Нет, нет и нет. Все-таки убеждения, вера – это плод выбора между двумя или многими возможностями определить себя нравственно или идеологически, что подразумевает необходимость труда и жертвы – ради движения в одиночку или с меньшинством человечества. Лишь в атеистической стране могут быть настоящие верующие, и только в строго теократической – настоящие атеисты. Торжествующий атеизм способен породить не убежденных атеистов, но убежденных верующих. Те, кто пользуется готовой доктриной, на самом деле не есть ни атеисты, ни верующие, а просто никто. Проблема веры во что-то не стоит перед ними, и в этом случае они принимают вид и повторяют слова, отдавая дань социальной условности. В государстве, где в формировании убеждений нет выбора – нет убежденных людей. Они условно атеисты и условно верующие, они условно добрые, условно гуманные, они условные патриоты и условные “борцы за мир”. Их вера не имеет ничего общего с верой того, для кого действительно важны эти духовные догматы. Он иной в своей вере, и поэтому эта вера иная. Общая вера – эта вера общей, безличной, индифферентной заботы – большинства о большинстве. Одинокая вера – это вера частной, конкретной, напряженной заботы об одном или немногих, которым ничего не может дать широковещательный гуманизм. Толпа избирает общую веру, концентрируя силу. Моральный человек избирает этическую программу личной веры, облагораживаясь нелегким выбором. Сильные всегда имеют соблазн поступать мимо морали, так как не нуждаются в льготах, предоставляемых ею душе. Они не озабочены чувствами, которые мечтали бы видеть направленными на себя, как делают несчастные и одинокие. На их глаза не навертываются слезы. Мораль – прерогатива незащищенных одиночек, которые не принимают возможности усиления за счет объединения с большинством, чья мораль есть уже не мораль, но закон. Как нормативная вера есть безверие, так и нормативная мораль есть лицемерие.
Не люблю, когда человек – это одно самоедство, когда моралью он унифицирует себя с другими. Когда традиционные добродетели он предпочитает собственным, непонятным окружающим достоинствам. Никто не бывает одинаково хорош на всех поприщах. Умение в одном вредит умению в другом. Вместо усердия в исправлении одного недостатка, следовало бы развить то, в чем ты лучше других.
Можно возразить, что те, предшествовавшие нам поколения, ужаснее которых ничего нельзя себе представить, и были выращены в полном равнодушии к морали, при неупотреблении таких слов, как честь, благородство, милосердие. Им были известны лишь слова труд, равенство и героизм. И вот они выросли такими, какими они выросли, равнодушные не только к морали, но и к труду, и к равенству, и к героизму. Вот именно, отвечу я. Мы выросли в окружении все тех же слов, при нас так же хранили молчание о двух третях человеческого словаря, об этих самых благородстве и милосердии. Однако насколько мы неразрешимо ими озабочены (во всяком случае, в теоретическом плане). Почему?
Весь смысл жизни моего поколения – учиться великому приобретению благородства жеста и мысли. Мое поколение, по-видимому, последнее, признающее иллюзию разделения души и тела. Следующее, кроссовочно-канареечное поколение – свободно от этого предрассудка. Они – более эмансипированны, белее европейцы, облегченно-нефилософичные искатели радости и полноты бытия. Может быть, я и не уеду, чтобы не потеряться со своим поколением.
Теперь трудно найти, трудно отличить в толпе мое поколение. Поэтому я и хочу восстановить его образ.

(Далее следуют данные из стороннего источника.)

(* Let $C>0$ and $\epsilon\in(0,1)$, and let $\phi_C^\epsilon(z):=z+C(1+z)^\epsilon$, where $(\cdot)^\epsilon$ denotes the principal branch of the power function. Then: (1) The map $\phi_C^\epsilon$ is biholomorphic from $H(0)=\{z\in\mathbb{C}:\operatorname{Re}z>0\}$ onto its image. (2) $\operatorname{Re}\phi_C^\epsilon(ir)\sim C\cos\left(\epsilon\frac{\pi}{2}\right)r^\epsilon$ and $\operatorname{Im}\phi_C^\epsilon(ir)\sim r$ as $r\to+\infty$ in $\mathbb{R}$. (3) There exists a continuous function $f_C^\epsilon:[C,+\infty)\to[0,+\infty)$ such that $\operatorname{Im}\phi_C^\epsilon(ir)=f_C^\epsilon(\operatorname{Re}\phi_C^\epsilon(ir))$ for all $r>0$ and $f_C^\epsilon(r)\sim K_C^\epsilon r^{1/\epsilon}$ as $r\to+\infty$, where $K_C^\epsilon:=\left(C\cos\left(\epsilon\frac{\pi}{2}\right)\right)^{-1/\epsilon}$.
   Context: For real functions (or germs) $f,g$, $f\sim g$ means that $g(x)\neq 0$ for all sufficiently large $x$ and $f(x)/g(x)\to 1$ as $x\to+\infty$. The formula for $\phi_C^\epsilon$ also makes sense on the closed right half-plane (in particular at the points $ir$, $r>0$), and in (2),(3) $\phi_C^\epsilon$ is evaluated there. *)

theory Defs
  imports "HOL-Complex_Analysis.Complex_Analysis" "HOL-Library.Landau_Symbols"
begin

text \<open>phi_C^eps(z) = z + C (1+z)^eps, principal branch (complex powr = exp (eps * Ln (1+z))).\<close>
definition phiCe :: "real \<Rightarrow> real \<Rightarrow> complex \<Rightarrow> complex" where
  "phiCe C eps z = z + complex_of_real C * (1 + z) powr (complex_of_real eps)"

definition rhp :: "complex set" where
  "rhp = {z. Re z > 0}"

end

(*
  The derivative 1 + C eps (1 + z) powr (eps - 1) of phi has positive real part on Re z > -1,
  since there |arg (1 + z)| < pi/2 and |eps - 1| < 1.  A holomorphic map on a convex domain whose
  derivative has positive real part is injective (Noshiro-Warschawski: Re (conj (z - w) * f) strictly
  increases along the segment from w to z), and an injective holomorphic map on an open set has a
  holomorphic inverse on its image.

  On the imaginary axis (1 + i r) powr eps = (1 + r^2) powr (eps/2) * cis (eps * arctan r), which
  gives closed forms for Re phi(ir) and Im phi(ir); their asymptotics follow from arctan r -> pi/2.
  Re phi(ir) increases strictly from C to infinity on [0, oo), so f is Im phi(i .) composed with the
  continuous inverse u of Re phi(i .).  Since Im phi(ir) ~ r, f ~ u, and inverting
  Re phi(ir) ~ C cos (eps pi/2) r powr eps gives u(s) ~ (s / (C cos (eps pi/2))) powr (1/eps).
*)

theory Submission
  imports Defs "HOL-Real_Asymp.Real_Asymp"
begin

lemma one_plus_power2_pos [simp]: "0 < 1 + (x::real)\<^sup>2"
  by (simp add: add_pos_nonneg)

lemma one_plus_power2_neq_zero [simp]: "1 + (x::real)\<^sup>2 \<noteq> 0"
  using one_plus_power2_pos[of x] by linarith

lemma cos_times_pi_half_pos:
  fixes x :: real
  assumes "\<bar>x\<bar> < 1"
  shows "cos (x * pi / 2) > 0"
proof -
  have "\<bar>x * pi / 2\<bar> < pi / 2"
    using assms by (simp add: abs_mult)
  then show ?thesis
    by (intro cos_gt_zero_pi) (auto simp: abs_less_iff)
qed

lemma sin_times_arctan_less:
  assumes "r > 0" and "0 \<le> eps" and "eps < 1"
  shows "sin (eps * arctan r) < r * cos (eps * arctan r)"
proof -
  define a where "a = arctan r"
  have "0 < a" "a < pi / 2"
    using assms arctan_bounded[of r] by (auto simp: a_def arctan_less_zero_iff arctan_eq_zero_iff)
  then have "cos a > 0"
    by (intro cos_gt_zero_pi) auto
  have "0 < (1 - eps) * a" "(1 - eps) * a \<le> a"
    using assms \<open>0 < a\<close> by (auto intro: mult_left_le_one_le)
  then have "sin (a - eps * a) > 0"
    using \<open>a < pi / 2\<close> by (intro sin_gt_zero) (auto simp: algebra_simps)
  moreover have "sin a = r * cos a"
    using tan_arctan[of r] \<open>cos a > 0\<close> by (simp add: a_def tan_def field_simps)
  ultimately have "cos a * sin (eps * a) < cos a * (r * cos (eps * a))"
    by (simp add: sin_diff algebra_simps)
  then show ?thesis
    using \<open>cos a > 0\<close> by (simp add: a_def)
qed

lemma Re_powr_of_real_pos:
  assumes "Re w > 0" and "\<bar>p\<bar> \<le> 1"
  shows "Re (w powr of_real p) > 0"
proof -
  have "\<bar>p * Im (Ln w)\<bar> \<le> \<bar>Im (Ln w)\<bar>"
    using assms(2) by (simp add: abs_mult mult_left_le_one_le)
  also have "\<dots> < pi / 2"
    using assms(1) by (rule Re_Ln_pos_lt_imp)
  finally have "cos (p * Im (Ln w)) > 0"
    by (intro cos_gt_zero_pi) auto
  moreover have "w \<noteq> 0"
    using assms(1) by auto
  ultimately show ?thesis
    by (simp add: powr_def Re_exp)
qed

lemma inj_on_if_Re_deriv_pos:
  fixes f f' :: "complex \<Rightarrow> complex"
  assumes S: "convex S"
    and f': "\<And>z. z \<in> S \<Longrightarrow> (f has_field_derivative f' z) (at z)"
    and Re_f': "\<And>z. z \<in> S \<Longrightarrow> Re (f' z) > 0"
  shows "inj_on f S"
proof (rule inj_onI, rule ccontr)
  fix z w
  assume "z \<in> S" "w \<in> S" "f z = f w" "z \<noteq> w"
  define d where "d = z - w"
  define h where "h t = Re (cnj d * f (w + of_real t * d))" for t :: real
  have "h 0 < h 1"
  proof (rule DERIV_pos_imp_increasing[OF zero_less_one])
    fix t :: real
    assume "0 \<le> t" "t \<le> 1"
    let ?p = "w + of_real t * d"
    have "?p = (1 - t) *\<^sub>R w + t *\<^sub>R z"
      by (simp add: d_def scaleR_conv_of_real algebra_simps)
    with \<open>0 \<le> t\<close> \<open>t \<le> 1\<close> have "?p \<in> S"
      using convexD_alt[OF S \<open>w \<in> S\<close> \<open>z \<in> S\<close>] by simp
    have "((\<lambda>s. w + of_real s * d) has_derivative (\<lambda>s. of_real s * d)) (at t)"
      by (auto intro!: derivative_eq_intros)
    from has_derivative_compose[OF this f'[OF \<open>?p \<in> S\<close>, unfolded has_field_derivative_def]]
    have "((\<lambda>s. f (w + of_real s * d)) has_derivative (\<lambda>s. f' ?p * (of_real s * d))) (at t)" .
    then have "(h has_derivative (\<lambda>s. Re (cnj d * (f' ?p * (of_real s * d))))) (at t)"
      unfolding h_def by (intro has_derivative_Re has_derivative_mult_right)
    moreover have "Re (cnj d * (f' ?p * (of_real s * d))) = (cmod d)\<^sup>2 * Re (f' ?p) * s" for s
    proof -
      have "cnj d * (f' ?p * (of_real s * d)) = of_real s * (d * cnj d) * f' ?p"
        by (simp add: mult_ac)
      also have "\<dots> = of_real (s * (cmod d)\<^sup>2) * f' ?p"
        by (simp only: complex_norm_square[symmetric] of_real_mult)
      finally show ?thesis
        by (simp only:) (simp add: mult_ac)
    qed
    ultimately have "(h has_real_derivative (cmod d)\<^sup>2 * Re (f' ?p)) (at t)"
      unfolding has_field_derivative_def by (simp only:)
    moreover have "(cmod d)\<^sup>2 * Re (f' ?p) > 0"
      using Re_f'[OF \<open>?p \<in> S\<close>] \<open>z \<noteq> w\<close> by (simp add: d_def)
    ultimately show "\<exists>y. (h has_real_derivative y) (at t) \<and> y > 0"
      by blast
  qed
  then show False
    using \<open>f z = f w\<close> by (simp add: h_def d_def)
qed

lemma continuous_on_the_inv_into_atLeast:
  fixes g :: "real \<Rightarrow> real"
  assumes cont: "continuous_on {a..} g" and mono: "strict_mono_on {a..} g"
  shows "continuous_on (g ` {a..}) (the_inv_into {a..} g)"
  unfolding continuous_on_def
proof
  fix y
  assume "y \<in> g ` {a..}"
  then obtain x where "x \<ge> a" "y = g x"
    by auto
  define b where "b = x + 1"
  have inj: "inj_on g {a..}"
    using mono by (rule strict_mono_on_imp_inj_on)
  \<comment> \<open>Near y the inverse agrees with that of g restricted to the compact interval [a, b].\<close>
  have "continuous_on (g ` {a..b}) (the_inv_into {a..b} g)"
    using cont inj by (intro continuous_on_inv_into) (auto elim: continuous_on_subset inj_on_subset)
  moreover have "the_inv_into {a..b} g z = the_inv_into {a..} g z" if "z \<in> g ` {a..b}" for z
    using that inj inj_on_subset[OF inj] by (auto simp: the_inv_into_f_f)
  ultimately have "continuous_on (g ` {a..b}) (the_inv_into {a..} g)"
    by (rule continuous_on_eq)
  moreover have "y \<in> g ` {a..b}"
    using \<open>x \<ge> a\<close> \<open>y = g x\<close> by (simp add: b_def)
  ultimately have "(the_inv_into {a..} g \<longlongrightarrow> the_inv_into {a..} g y) (at y within g ` {a..b})"
    by (auto simp: continuous_on_def)
  moreover have "at y within g ` {a..} = at y within g ` {a..b}"
  proof (rule at_within_nhd[of _ "{..<g b}"])
    show "y \<in> {..<g b}"
      using \<open>x \<ge> a\<close> \<open>y = g x\<close> mono by (simp add: b_def strict_mono_on_less)
    show "g ` {a..} \<inter> {..<g b} - {y} = g ` {a..b} \<inter> {..<g b} - {y}"
      using \<open>x \<ge> a\<close> mono by (auto simp: b_def strict_mono_on_less)
  qed simp
  ultimately show "(the_inv_into {a..} g \<longlongrightarrow> the_inv_into {a..} g y) (at y within g ` {a..})"
    by simp
qed

lemma filterlim_the_inv_into_at_top:
  fixes g :: "real \<Rightarrow> real"
  assumes mono: "strict_mono_on {a..} g" and image: "g ` {a..} = {b..}"
  shows "filterlim (the_inv_into {a..} g) at_top at_top"
  unfolding filterlim_at_top
proof
  fix Z
  have inj: "inj_on g {a..}"
    using mono by (rule strict_mono_on_imp_inj_on)
  define Z' where "Z' = max a Z"
  show "eventually (\<lambda>s. Z \<le> the_inv_into {a..} g s) at_top"
    using eventually_ge_at_top[of "g Z'"]
  proof eventually_elim
    case (elim s)
    have "g Z' \<ge> b"
      using image by (auto simp: Z'_def)
    then have "s \<in> g ` {a..}"
      using elim image by simp
    then have "the_inv_into {a..} g s \<ge> a" "g (the_inv_into {a..} g s) = s"
      using inj by (auto simp: the_inv_into_f_f)
    then show ?case
      using elim strict_mono_on_less_eq[OF mono, of Z' "the_inv_into {a..} g s"]
      by (simp add: Z'_def)
  qed
qed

– Представляете, – обрушилась Маша, едва мы вошли в дом, – мы вчера чуть было не утонули в метро!..
Я знаю эту историю, я сам в ней участвовал. Маша рассказывает, я – пишу.
Я всю жизнь пишу рассказы. Зачем? – во всяком случае, не для потомков и не с целью просветить отечество. Рассказ для меня – это форма овладения жизнью. Жизнь, препарированная в рассказ, становится моей настоящей жизнью. Прочая же жизнь касается кого-то другого, имени которого я не знаю.
Жизнь глубоко в глубине мыслей – единственная, которая никогда не бывает для меня старой. Но когда изо всех щелей лезут тараканы, а сзади черт знает сколько путаных тропок, оббитых стоптанными ботинками ученичества, а ты все отделываешься отписками в общей тетради, когда много лет с другом нельзя поговорить ни о чем, кроме как про совершенное другим, когда все дальше уходишь по линии четвертой координаты – а в трех других тобой не сделан и первый шаг, – нетерпение открывает свои глаза отчаяния...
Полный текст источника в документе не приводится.